Environmentalists argue that the shipment is highly radioactive and dangerous for those along its route.
Tobias Riedl, from environmental pressure group Greenpeace, said the levels of radioactivity were 44 times that registered after March’s nuclear disaster at Fukushima in Japan.
“Forty-four Fukushimas are rolling towards Gorleben. It’s an incalculable risk for the population,” he said.
During the journey, activists engaged in a cat-and-mouse game with police as they tried various stunts to delay the train, many chaining themselves to the tracks.
Police said they detained about 1,300 people, requiring tricky and time-consuming operations to free them before the train could slowly rumble on.
About 150 people were injured in clashes, most of them demonstrators, according to security forces quoted by German news agency DPA.
Monday’s final road stage of the journey is also likely to be delayed by protest action, with campaigners already gathered near the Gorleben site.
Organisers said Sunday about 23,000 protestors had gathered in Dannenberg, while police put the number at 8,000. About 20,000 police had been deployed along the train’s German route.

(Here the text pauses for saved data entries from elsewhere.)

(* For all integers $n$ and $d$ with $3\leq d<\left\lceil\frac{n}{2}\right\rceil$, $$t(n,d)\leq n-2+\left\lceil\frac{n}{d-1}\right\rceil.$$
   Context: All graphs are finite, simple and undirected. In an edge-colored graph (adjacent edges may receive the same color), a path is a rainbow path if no two of its edges have the same color. A graph $G$ is $d$-rainbow connected if there is an edge-coloring of $G$ using $d$ colors such that every two distinct vertices of $G$ are joined by a rainbow path. For positive integers $n$ and $d$, $t(n,d)$ denotes the minimum number of edges of a $d$-rainbow connected graph on $n$ vertices. *)

theory Defs
  imports Complex_Main
begin

definition simple_graph :: "'a set \<Rightarrow> 'a set set \<Rightarrow> bool" where
  "simple_graph V E \<longleftrightarrow> finite V \<and> (\<forall>e\<in>E. e \<subseteq> V \<and> card e = 2)"

definition is_path :: "'a set set \<Rightarrow> 'a list \<Rightarrow> 'a \<Rightarrow> 'a \<Rightarrow> bool" where
  "is_path E p u v \<longleftrightarrow> p \<noteq> [] \<and> hd p = u \<and> last p = v \<and> distinct p \<and>
     (\<forall>i. Suc i < length p \<longrightarrow> {p ! i, p ! Suc i} \<in> E)"

definition path_edges :: "'a list \<Rightarrow> 'a set list" where
  "path_edges p = map (\<lambda>i. {p ! i, p ! Suc i}) [0..<length p - 1]"

definition rainbow_path :: "'a set set \<Rightarrow> ('a set \<Rightarrow> 'c) \<Rightarrow> 'a list \<Rightarrow> 'a \<Rightarrow> 'a \<Rightarrow> bool" where
  "rainbow_path E c p u v \<longleftrightarrow> is_path E p u v \<and> distinct (map c (path_edges p))"

definition rainbow_connected :: "nat \<Rightarrow> 'a set \<Rightarrow> 'a set set \<Rightarrow> bool" where
  "rainbow_connected d V E \<longleftrightarrow>
     (\<exists>c :: 'a set \<Rightarrow> nat. (\<forall>e\<in>E. c e < d) \<and>
        (\<forall>u\<in>V. \<forall>v\<in>V. u \<noteq> v \<longrightarrow> (\<exists>p. rainbow_path E c p u v)))"

(* t(n,d): minimum number of edges of a d-rainbow connected graph on n vertices
   (vertex set taken to be {0..<n}, which is no loss of generality). *)
definition t :: "nat \<Rightarrow> nat \<Rightarrow> nat" where
  "t n d = (LEAST m. \<exists>E. simple_graph {0..<n} E \<and> rainbow_connected d {0..<n} E \<and> card E = m)"

end

theory Submission
  imports Defs
begin

text \<open>
  Write \<open>n = r (d - 1) + s + 1\<close> with \<open>s < d - 1\<close>. Take \<open>r\<close> cycles of length \<open>d\<close> through a
  common hub and attach \<open>s\<close> pendant leaves to the hub, giving \<open>r d + s = n - 1 + r\<close> edges, and
  \<open>r < n / (d - 1)\<close>. Colour the edges of every cycle \<open>0, 1, \<dots>, d - 1\<close> in order, starting at
  the hub, and the edge to the \<open>j\<close>-th leaf with \<open>j\<close>. The vertex at position \<open>i\<close> of a
  cycle then reaches the hub by a rainbow path with colours in \<open>{0..i}\<close> and by one with colours
  in \<open>{i+1..d-1}\<close>; two vertices on different branches can always pick hub paths with disjoint
  colour sets, and two vertices on one cycle are joined along it.
\<close>

lemma path_edges_Nil [simp]: "path_edges [] = []"
  and path_edges_singleton [simp]: "path_edges [x] = []"
  by (simp_all add: path_edges_def)

lemma path_edges_Cons_Cons [simp]: "path_edges (x # y # xs) = {x, y} # path_edges (y # xs)"
  by (simp add: path_edges_def upt_conv_Cons map_Suc_upt[symmetric] del: upt_Suc)

lemma length_path_edges [simp]: "length (path_edges p) = length p - 1"
  by (simp add: path_edges_def)

lemma nth_path_edges: "i < length p - 1 \<Longrightarrow> path_edges p ! i = {p ! i, p ! Suc i}"
  by (simp add: path_edges_def)

lemma set_path_edges: "set (path_edges p) = {{p ! i, p ! Suc i} | i. Suc i < length p}"
  by (auto simp: path_edges_def)

lemma path_edges_append_tl:
  "xs \<noteq> [] \<Longrightarrow> ys \<noteq> [] \<Longrightarrow> last xs = hd ys \<Longrightarrow>
    path_edges (xs @ tl ys) = path_edges xs @ path_edges ys"
  by (induction xs rule: induct_list012) (auto simp: neq_Nil_conv)

lemma path_edges_rev: "path_edges (rev p) = rev (path_edges p)"
proof (induction p rule: induct_list012)
  case (3 x y zs)
  have "path_edges (rev (x # y # zs)) = path_edges (rev (y # zs) @ tl [y, x])"
    by simp
  also have "\<dots> = path_edges (rev (y # zs)) @ [{y, x}]"
    by (subst path_edges_append_tl) (simp_all add: hd_rev)
  finally show ?case using 3 by (simp add: insert_commute)
qed simp_all

lemma path_edges_take: "path_edges (take k p) = take (k - 1) (path_edges p)"
  by (rule nth_equalityI) (auto simp: nth_path_edges)

lemma path_edges_drop: "path_edges (drop k p) = drop k (path_edges p)"
  by (rule nth_equalityI) (auto simp: nth_path_edges add.commute)

lemma edge_of_distinct_path:
  assumes "distinct p" "e \<in> set (path_edges p)"
  shows "e \<subseteq> set p" "card e = 2"
proof -
  obtain i where i: "Suc i < length p" "e = {p ! i, p ! Suc i}"
    using assms(2) by (auto simp: set_path_edges)
  then show "e \<subseteq> set p" by auto
  have "p ! i \<noteq> p ! Suc i" using assms(1) i(1) by (simp add: nth_eq_iff_index_eq)
  then show "card e = 2" using i(2) by simp
qed

lemma rainbow_path_iff:
  "rainbow_path E c p u v \<longleftrightarrow> p \<noteq> [] \<and> hd p = u \<and> last p = v \<and> distinct p
     \<and> set (path_edges p) \<subseteq> E \<and> distinct (map c (path_edges p))"
  by (auto simp: rainbow_path_def is_path_def set_path_edges)

lemma rainbow_path_rev:
  assumes "rainbow_path E c p u v"
  shows "rainbow_path E c (rev p) v u"
  using assms by (simp add: rainbow_path_iff path_edges_rev hd_rev last_rev rev_map[symmetric])

lemma rainbow_path_join:
  assumes p: "rainbow_path E c p u w" and q: "rainbow_path E c q w v"
    and vertices: "set p \<inter> set q \<subseteq> {w}"
    and colours: "c ` set (path_edges p) \<inter> c ` set (path_edges q) = {}"
  shows "rainbow_path E c (p @ tl q) u v"
proof -
  obtain p' where p': "p = p' @ [w]"
    using p unfolding rainbow_path_iff by (metis append_butlast_last_id)
  obtain q' where q': "q = w # q'"
    using q unfolding rainbow_path_iff by (metis list.collapse)
  have "w \<notin> set p'" "w \<notin> set q'"
    using p q by (simp_all add: rainbow_path_iff p' q')
  then have "set p' \<inter> set q' = {}"
    using vertices by (auto simp: p' q')
  moreover have "path_edges (p @ tl q) = path_edges p @ path_edges q"
    by (rule path_edges_append_tl) (simp_all add: p' q')
  ultimately show ?thesis
    using p q colours unfolding rainbow_path_iff by (auto simp: p' q' hd_append)
qed

lemma rainbow_path_via:
  assumes "rainbow_path E c p u w" and "rainbow_path E c q v w"
    and "set p \<inter> set q \<subseteq> {w}"
    and "c ` set (path_edges p) \<inter> c ` set (path_edges q) = {}"
  shows "rainbow_path E c (p @ tl (rev q)) u v"
  using assms by (intro rainbow_path_join rainbow_path_rev) (simp_all add: path_edges_rev)

lemma path_edges_slice: "path_edges (drop a (take b w)) = drop a (take (b - 1) (path_edges w))"
  by (simp add: path_edges_drop path_edges_take)

lemma rainbow_path_slice:
  assumes "set (path_edges w) \<subseteq> E" "distinct (map c (path_edges w))"
    and "distinct (drop a (take b w))" "a < b" "b \<le> length w"
  shows "rainbow_path E c (drop a (take b w)) (w ! a) (w ! (b - 1))"
proof -
  have "set (path_edges (drop a (take b w))) \<subseteq> set (path_edges w)"
    unfolding path_edges_slice by (meson in_set_dropD in_set_takeD subsetI)
  moreover have "distinct (map c (path_edges (drop a (take b w))))"
    using assms(2) by (simp add: path_edges_slice drop_map[symmetric] take_map[symmetric])
  ultimately show ?thesis
    using assms by (auto simp: rainbow_path_iff hd_drop_conv_nth last_conv_nth)
qed

text \<open>Vertex \<open>0\<close> is the hub, \<open>blade c i\<close> (\<open>c < r\<close>, \<open>i < D\<close>) is the \<open>i\<close>-th vertex of the
  \<open>c\<close>-th cycle through the hub, and \<open>leaf j\<close> (\<open>j < s\<close>) is a pendant vertex at the hub.\<close>

locale windmill =
  fixes D r s :: nat
  assumes two_le_D: "2 \<le> D" and s_less_D: "s < D"
begin

definition blade :: "nat \<Rightarrow> nat \<Rightarrow> nat" where
  "blade c i = D * c + i + 1"

definition leaf :: "nat \<Rightarrow> nat" where
  "leaf j = r * D + 1 + j"

definition blade_cycle :: "nat \<Rightarrow> nat list" where
  "blade_cycle c = 0 # map (blade c) [0..<D] @ [0]"

definition edges :: "nat set set" where
  "edges = (\<Union>c<r. set (path_edges (blade_cycle c))) \<union> (\<lambda>j. {0, leaf j}) ` {..<s}"

text \<open>Counting from the hub, the \<open>k\<close>-th edge of every blade cycle gets colour \<open>k\<close>, and the
  edge to \<open>leaf j\<close> gets colour \<open>j\<close>.\<close>

definition colour :: "nat set \<Rightarrow> nat" where
  "colour e =
    (if 0 \<in> e then
       (if r * D < Max e then Max e - r * D - 1 else if (Max e - 1) mod D = 0 then 0 else D)
     else Suc ((Min e - 1) mod D))"

lemma blade_div_mod:
  assumes "i < D"
  shows "(blade c i - 1) div D = c" "(blade c i - 1) mod D = i"
  using assms by (simp_all add: blade_def)

lemma blade_eq_iff:
  assumes "i < D" "i' < D"
  shows "blade c i = blade c' i' \<longleftrightarrow> c = c' \<and> i = i'"
  using blade_div_mod[OF assms(1), of c] blade_div_mod[OF assms(2), of c'] by metis

lemma blade_neq_0 [simp]: "blade c i \<noteq> 0"
  and leaf_neq_0 [simp]: "leaf j \<noteq> 0"
  by (simp_all add: blade_def leaf_def)

lemma blade_le: "c < r \<Longrightarrow> i < D \<Longrightarrow> blade c i \<le> r * D"
proof -
  assume "c < r" "i < D"
  then have "D * c + D \<le> D * r" by (metis Suc_leI mult_Suc_right mult_le_mono2 add.commute)
  then show ?thesis using \<open>i < D\<close> by (simp add: blade_def mult.commute)
qed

The waste had been produced in German reactors several years ago and then sent to France for reprocessing before beginning its around 1,200-kilometre return journey last week.
The protesters argue that the shipment by train of spent fuel rods is hazardous and note thatGermany, like the rest of Europe, has no permanent storage site for the waste, which will remain dangerous for thousands of years.
They are also angry that a pledged German phase-out of nuclear power, hastily agreed this year in the wake of the Fukushima disaster, will take another decade to implement.
The demonstrators had travelled from across Germany as well as from Belgium, the Netherlands, France and Italy, organisers said.
Most of the protests have been peaceful.
But there were isolated outbreaks of violence Thursday and Friday near Gorleben where 10 masked rioters attacked police with bricks and smoke bombs before managing to escape.
Police said unidentified assailants hurling Molotov cocktails Friday damaged two patrol cars.
In November 2010, about 50,000 protesters delayed a similar shipment by a day. Since then, Berlin has agreed to shut down all 17 of the country’s reactors by the end of 2022.